With the gentle encouragements of a pandemic our lives have mostly moved to the digital realm. This has made finding communities with common interests, regardless of geography, much easier. However “the boom in creation wasn’t matched by a similar boom in sustainability of creators”. Indeed the lack of a protocol establishing property in the digital realm and the opportunism of distributors of content who have become the gatekeepers of these walled gardens has somewhat diminished the creator’s revenue considerably.
The “change” is NEAR
So how might a cryptographic technology such as the blockchain and a project like NEAR change this? The attribution of a unique cryptographic code to a piece of digital content and a unique identity -wallet- that is then stored across a vast distributed network technically establishes unique ownership of this content. The wallet here is one’s unique identity on the network but also an application with many other essential functions, such as interaction with decentralised finance platforms, governance communities and marketplaces. Through this wallet these interactions can be performed without most of the middlemen we are currently familiar with. Furthermore, balances of wealth and identity mentioned above are now owned by the individual instead of a bank or institution.

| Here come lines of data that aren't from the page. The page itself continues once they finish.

(* Let $n \ge 1$ and let $N$ be a $\lambda$-term satisfying $N a_1 a_2 \ldots a_n =_\beta a_1 a_2 \ldots a_n (N a_1 a_2 \ldots a_n)$ (for variables $a_1,\ldots,a_n$ not free in $N$). Then $N\,I^{\,n-1}$ (i.e. $N$ applied to $n-1$ copies of $I$) is a fixed point combinator.
   Context: Untyped $\lambda$-calculus; $=_\beta$ is $\beta$-convertibility; $I = \lambda x.x$. A term $Y$ is a fixed point combinator if $Yx =_\beta x(Yx)$ for a variable $x$ not free in $Y$. $N\,I^{m}$ denotes the left-associated application $N I \cdots I$ with $m$ copies of $I$. *)

theory Defs
  imports Main
begin

text \<open>Untyped lambda terms in de Bruijn notation. Free variables are the loose
  indices; a free variable x is represented by the loose index x.\<close>

datatype lterm = Var nat | App lterm lterm | Abs lterm

primrec lift :: "lterm \<Rightarrow> nat \<Rightarrow> lterm" where
  "lift (Var i) k = (if i < k then Var i else Var (i + 1))"
| "lift (App s t) k = App (lift s k) (lift t k)"
| "lift (Abs s) k = Abs (lift s (k + 1))"

primrec subst :: "lterm \<Rightarrow> nat \<Rightarrow> lterm \<Rightarrow> lterm" where
  "subst (Var i) k s = (if k < i then Var (i - 1) else if i = k then s else Var i)"
| "subst (App t u) k s = App (subst t k s) (subst u k s)"
| "subst (Abs t) k s = Abs (subst t (k + 1) (lift s 0))"

inductive beta :: "lterm \<Rightarrow> lterm \<Rightarrow> bool" where
  beta_redex: "beta (App (Abs s) t) (subst s 0 t)"
| beta_appL: "beta s t \<Longrightarrow> beta (App s u) (App t u)"
| beta_appR: "beta s t \<Longrightarrow> beta (App u s) (App u t)"
| beta_abs: "beta s t \<Longrightarrow> beta (Abs s) (Abs t)"

definition beta_eq :: "lterm \<Rightarrow> lterm \<Rightarrow> bool" (infix "=\<^sub>\<beta>" 50) where
  "s =\<^sub>\<beta> t \<longleftrightarrow> equivclp beta s t"

primrec fv_at :: "nat \<Rightarrow> lterm \<Rightarrow> nat set" where
  "fv_at k (Var i) = (if i < k then {} else {i - k})"
| "fv_at k (App s t) = fv_at k s \<union> fv_at k t"
| "fv_at k (Abs s) = fv_at (k + 1) s"

definition fv :: "lterm \<Rightarrow> nat set" where
  "fv t = fv_at 0 t"

definition apps :: "lterm \<Rightarrow> lterm list \<Rightarrow> lterm" where
  "apps t us = foldl App t us"

definition I_comb :: lterm where
  "I_comb = Abs (Var 0)"

definition is_fpc :: "lterm \<Rightarrow> bool" where
  "is_fpc Y \<longleftrightarrow> (\<forall>x. x \<notin> fv Y \<longrightarrow>
       App Y (Var x) =\<^sub>\<beta> App (Var x) (App Y (Var x)))"

end

theory Submission
  imports Defs
begin

text \<open>Substitute \<open>I\<close> for the first \<open>n - 1\<close> of the variables \<open>a\<^sub>1 \<dots> a\<^sub>n\<close> and an arbitrary
  variable \<open>x\<close> for \<open>a\<^sub>n\<close> in the hypothesis. Since the \<open>a\<^sub>i\<close> are not free in \<open>N\<close>, the left-hand side
  becomes \<open>N I\<^sup>n\<^sup>-\<^sup>1 x\<close>, while the head \<open>a\<^sub>1 a\<^sub>2 \<dots> a\<^sub>n\<close> becomes \<open>I I \<dots> I x\<close>, which reduces to \<open>x\<close>.
  Substitution respects beta convertibility, so \<open>N I\<^sup>n\<^sup>-\<^sup>1 x =\<^sub>\<beta> x (N I\<^sup>n\<^sup>-\<^sup>1 x)\<close>.\<close>

lemma lift_lift: "i < k + 1 \<Longrightarrow> lift (lift t i) (Suc k) = lift (lift t k) i"
  by (induct t arbitrary: i k) auto

lemma lift_subst [simp]:
  "j < i + 1 \<Longrightarrow> lift (subst t j s) i = subst (lift t (i + 1)) j (lift s i)"
  by (induct t arbitrary: i j s) (simp_all add: diff_Suc lift_lift split: nat.split)

lemma lift_subst_lt:
  "i < j + 1 \<Longrightarrow> lift (subst t j s) i = subst (lift t i) (j + 1) (lift s i)"
  by (induct t arbitrary: i j s) (auto simp add: lift_lift)

lemma subst_lift [simp]: "subst (lift t k) k s = t"
  by (induct t arbitrary: k s) simp_all

lemma subst_subst:
  "i < j + 1 \<Longrightarrow>
    subst (subst t (Suc j) (lift v i)) i (subst u j v) = subst (subst t i u) j v"
  by (induct t arbitrary: i j u v)
    (simp_all add: diff_Suc lift_lift [symmetric] lift_subst_lt split: nat.split)

lemma beta_lift: "beta r s \<Longrightarrow> beta (lift r i) (lift s i)"
proof (induct arbitrary: i rule: beta.induct)
  case (beta_redex s t)
  show ?case
    using beta.beta_redex [of "lift s (i + 1)" "lift t i"] by simp
qed (auto intro: beta.intros)

lemma beta_subst: "beta r s \<Longrightarrow> beta (subst r i t) (subst s i t)"
proof (induct arbitrary: t i rule: beta.induct)
  case (beta_redex s u)
  have "subst (subst s 0 u) i t = subst (subst s (Suc i) (lift t 0)) 0 (subst u i t)"
    using subst_subst [of 0 i s t u] by simp
  then show ?case
    using beta.beta_redex [of "subst s (Suc i) (lift t 0)" "subst u i t"] by simp
qed (auto intro: beta.intros)

lemma equivclp_map:
  assumes "\<And>a b. r a b \<Longrightarrow> r (f a) (f b)" and "equivclp r s t"
  shows "equivclp r (f s) (f t)"
  using assms(2)
proof induct
  case base
  show ?case by (simp add: equivclp_def)
next
  case (step y z)
  then have "equivclp r (f y) (f z)"
    using assms(1) by (blast intro: r_into_equivclp equivclp_sym)
  with step.hyps(3) show ?case by (rule equivclp_trans)
qed

lemma beta_eq_map:
  "(\<And>s t. beta s t \<Longrightarrow> beta (f s) (f t)) \<Longrightarrow> s =\<^sub>\<beta> t \<Longrightarrow> f s =\<^sub>\<beta> f t"
  unfolding beta_eq_def by (rule equivclp_map)

lemma beta_eq_trans [trans]: "s =\<^sub>\<beta> t \<Longrightarrow> t =\<^sub>\<beta> u \<Longrightarrow> s =\<^sub>\<beta> u"
  unfolding beta_eq_def by (rule equivclp_trans)

lemma beta_eq_AppL: "s =\<^sub>\<beta> t \<Longrightarrow> App s u =\<^sub>\<beta> App t u"
  by (rule beta_eq_map) (rule beta_appL)

lemma apps_snoc: "apps s (ts @ [t]) = App (apps s ts) t"
  by (simp add: apps_def)

lemma apps_hom:
  "(\<And>s t. f (App s t) = App (f s) (f t)) \<Longrightarrow> f (apps s ts) = apps (f s) (map f ts)"
  by (induct ts arbitrary: s rule: rev_induct) (simp_all add: apps_def)

lemma App_I_comb: "App I_comb t =\<^sub>\<beta> t"
  unfolding beta_eq_def I_comb_def
  using beta_redex [of "Var 0" t] by (auto intro: r_into_equivclp)

lemma apps_I_comb_replicate: "apps I_comb (replicate m I_comb) =\<^sub>\<beta> I_comb"
proof (induct m)
  case 0
  show ?case by (simp add: apps_def beta_eq_def)
next
  case (Suc m)
  have "apps I_comb (replicate (Suc m) I_comb) = App (apps I_comb (replicate m I_comb)) I_comb"
    by (simp only: replicate_Suc replicate_append_same [symmetric] apps_snoc)
  also have "\<dots> =\<^sub>\<beta> App I_comb I_comb"
    using Suc by (rule beta_eq_AppL)
  also have "\<dots> =\<^sub>\<beta> I_comb"
    by (rule App_I_comb)
  finally show ?case .
qed

lemma apps_hd_tl_replicate_I_comb:
  "apps (hd (replicate m I_comb @ [t])) (tl (replicate m I_comb @ [t])) =\<^sub>\<beta> t"
proof (cases m)
  case 0
  then show ?thesis by (simp add: apps_def beta_eq_def)
next
  case (Suc k)
  then have "apps (hd (replicate m I_comb @ [t])) (tl (replicate m I_comb @ [t]))
      = App (apps I_comb (replicate k I_comb)) t"
    by (simp add: apps_snoc)
  also have "\<dots> =\<^sub>\<beta> App I_comb t"
    by (rule beta_eq_AppL [OF apps_I_comb_replicate])
  also have "\<dots> =\<^sub>\<beta> t"
    by (rule App_I_comb)
  finally show ?thesis .
qed

text \<open>Replaces the free variable \<open>a\<close> by \<open>u\<close>: lifting at \<open>a + 1\<close> first compensates for
  \<open>subst\<close> decrementing the loose indices above \<open>a\<close>.\<close>
definition subst_var :: "lterm \<Rightarrow> nat \<Rightarrow> lterm \<Rightarrow> lterm" where
  "subst_var t a u = subst (lift t (a + 1)) a u"

lemma subst_var_App [simp]: "subst_var (App s t) a u = App (subst_var s a u) (subst_var t a u)"
  by (simp add: subst_var_def)

lemma subst_var_Var [simp]: "subst_var (Var b) a u = (if b = a then u else Var b)"
  by (simp add: subst_var_def)

lemma subst_var_fresh_at: "a \<notin> fv_at k t \<Longrightarrow> subst (lift t (a + k + 1)) (a + k) u = t"
proof (induct t arbitrary: k u)
  case (Abs t)
  then show ?case
    using Abs(1) [of "Suc k" "lift u 0"] by simp
qed auto

lemma subst_var_fresh: "a \<notin> fv t \<Longrightarrow> subst_var t a u = t"
  using subst_var_fresh_at [of a 0 t u] by (simp add: fv_def subst_var_def)

lemma beta_eq_subst_var: "s =\<^sub>\<beta> t \<Longrightarrow> subst_var s a u =\<^sub>\<beta> subst_var t a u"
  unfolding subst_var_def by (rule beta_eq_map) (intro beta_subst beta_lift)

definition subst_vars :: "nat list \<Rightarrow> lterm \<Rightarrow> lterm \<Rightarrow> lterm" where
  "subst_vars bs u t = foldl (\<lambda>t b. subst_var t b u) t bs"

lemma subst_vars_App [simp]:
  "subst_vars bs u (App s t) = App (subst_vars bs u s) (subst_vars bs u t)"
  unfolding subst_vars_def by (induct bs arbitrary: s t) simp_all

lemma subst_vars_fresh: "\<forall>b\<in>set bs. b \<notin> fv t \<Longrightarrow> subst_vars bs u t = t"
  unfolding subst_vars_def by (induct bs) (simp_all add: subst_var_fresh)

lemma subst_vars_Var:
  assumes "fv u = {}"
  shows "subst_vars bs u (Var b) = (if b \<in> set bs then u else Var b)"
proof (induct bs arbitrary: b)
  case (Cons b' bs)
  have "subst_vars bs u u = u"
    using assms by (simp add: subst_vars_fresh)
  with Cons show ?case
    by (simp add: subst_vars_def)
qed (simp add: subst_vars_def)

lemma beta_eq_subst_vars: "s =\<^sub>\<beta> t \<Longrightarrow> subst_vars bs u s =\<^sub>\<beta> subst_vars bs u t"
  unfolding subst_vars_def by (induct bs arbitrary: s t) (simp_all add: beta_eq_subst_var)

lemma fv_I_comb: "fv I_comb = {}"
  by (simp add: fv_def I_comb_def)

lemma map_subst_var_subst_vars_snoc:
  assumes "distinct (bs @ [c])" and "fv u = {}"
  shows "map (\<lambda>b. subst_var (subst_vars bs u (Var b)) c v) (bs @ [c]) = replicate (length bs) u @ [v]"
proof -
  have "subst_var (subst_vars bs u (Var b)) c v = u" if "b \<in> set bs" for b
    using that assms(2) by (simp add: subst_vars_Var subst_var_fresh)
  then have "map (\<lambda>b. subst_var (subst_vars bs u (Var b)) c v) bs = replicate (length bs) u"
    by (simp add: map_replicate_const cong: map_cong)
  with assms show ?thesis
    by (simp add: subst_vars_Var)
qed

theorem proposition5p1:
  fixes N :: lterm and n :: nat and as :: "nat list"
  assumes "n \<ge> 1"
    and "length as = n" and "distinct as" and "\<forall>a\<in>set as. a \<notin> fv N"
    and "apps N (map Var as) =\<^sub>\<beta> App (apps (Var (hd as)) (map Var (tl as))) (apps N (map Var as))"
  shows "is_fpc (apps N (replicate (n - 1) I_comb))"
  unfolding is_fpc_def
proof (intro allI impI)
  fix x
  let ?M = "apps N (replicate (n - 1) I_comb)"
  obtain bs c where as: "as = bs @ [c]"
    using assms(1,2) by (cases as rule: rev_cases) auto
  define R where "R t = subst_var (subst_vars bs I_comb t) c (Var x)" for t
  have R_App: "R (App s t) = App (R s) (R t)" for s t
    by (simp add: R_def)
  have R_as: "map (R \<circ> Var) as = replicate (n - 1) I_comb @ [Var x]"
    using assms(2,3) map_subst_var_subst_vars_snoc [of bs c I_comb "Var x"]
    by (simp add: R_def as fv_I_comb comp_def)
  have "R N = N"
    using assms(4) by (simp add: R_def as subst_vars_fresh subst_var_fresh)
  with R_as have lhs: "R (apps N (map Var as)) = App ?M (Var x)"
    by (simp add: apps_hom [of R, OF R_App] apps_snoc)
  have "as \<noteq> []"
    using as by simp
  then have "R (apps (Var (hd as)) (map Var (tl as)))
      = apps (hd (map (R \<circ> Var) as)) (tl (map (R \<circ> Var) as))"
    by (simp add: apps_hom [of R, OF R_App] hd_map map_tl)
  then have head: "R (apps (Var (hd as)) (map Var (tl as))) =\<^sub>\<beta> Var x"
    using apps_hd_tl_replicate_I_comb by (simp only: R_as)
  have "R (apps N (map Var as)) =\<^sub>\<beta> R (App (apps (Var (hd as)) (map Var (tl as))) (apps N (map Var as)))"
    unfolding R_def by (intro beta_eq_subst_var beta_eq_subst_vars assms(5))
  with lhs head show "App ?M (Var x) =\<^sub>\<beta> App (Var x) (App ?M (Var x))"
    by (metis R_App beta_eq_AppL beta_eq_trans)
qed

end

Indeed the seed phrase key to every wallet technically grants you ownership of this data. Digital properties and balances of wealth can now be transferred to any other network or platform freely without a third party’s consent. The proceeds of any transaction or sale of content here are again fully under the control of the individual wallet and content owner. The attribution of a unique cryptographic code establishing ownership of a piece of digital content is referred to as the “minting” of a “non-fungible token” or its acronym “NFT”. In financial jargon, the removal of a third party verifying transactions here is referred to as a “trustless” and the fact that anyone can democratically participate to any transaction with transparency is referred to as “permissionless” . Thus with the advent of digital intellectual property, data ownership, trustless and permissionless transactions, the walls of the garden may have began to fall.
A New System
The new system is based on the restructuring of intellectual property, financial tools and communities based on the block chain technology. It is based on the NFT – Decentralised Finance (DeFi) – Decentralised Autonomous Organisations (DAOs). With NFTs the dependency upon common digital content distribution platforms are removed. Indeed these platforms have so far held content and communities alike hostage forming “walled gardens”. As a result communities and fanbases supporters of content can now autonomously organise and align their interests with their creators more effectively because they are no longer at the mercy of of a small number of distribution networks. New financial tooling with trustless and permissionless participation allows this interest alignment more effectively as income from content is now under the control of supporters/consumers of content and their creators in the form of self organised independent organisations (DAOs).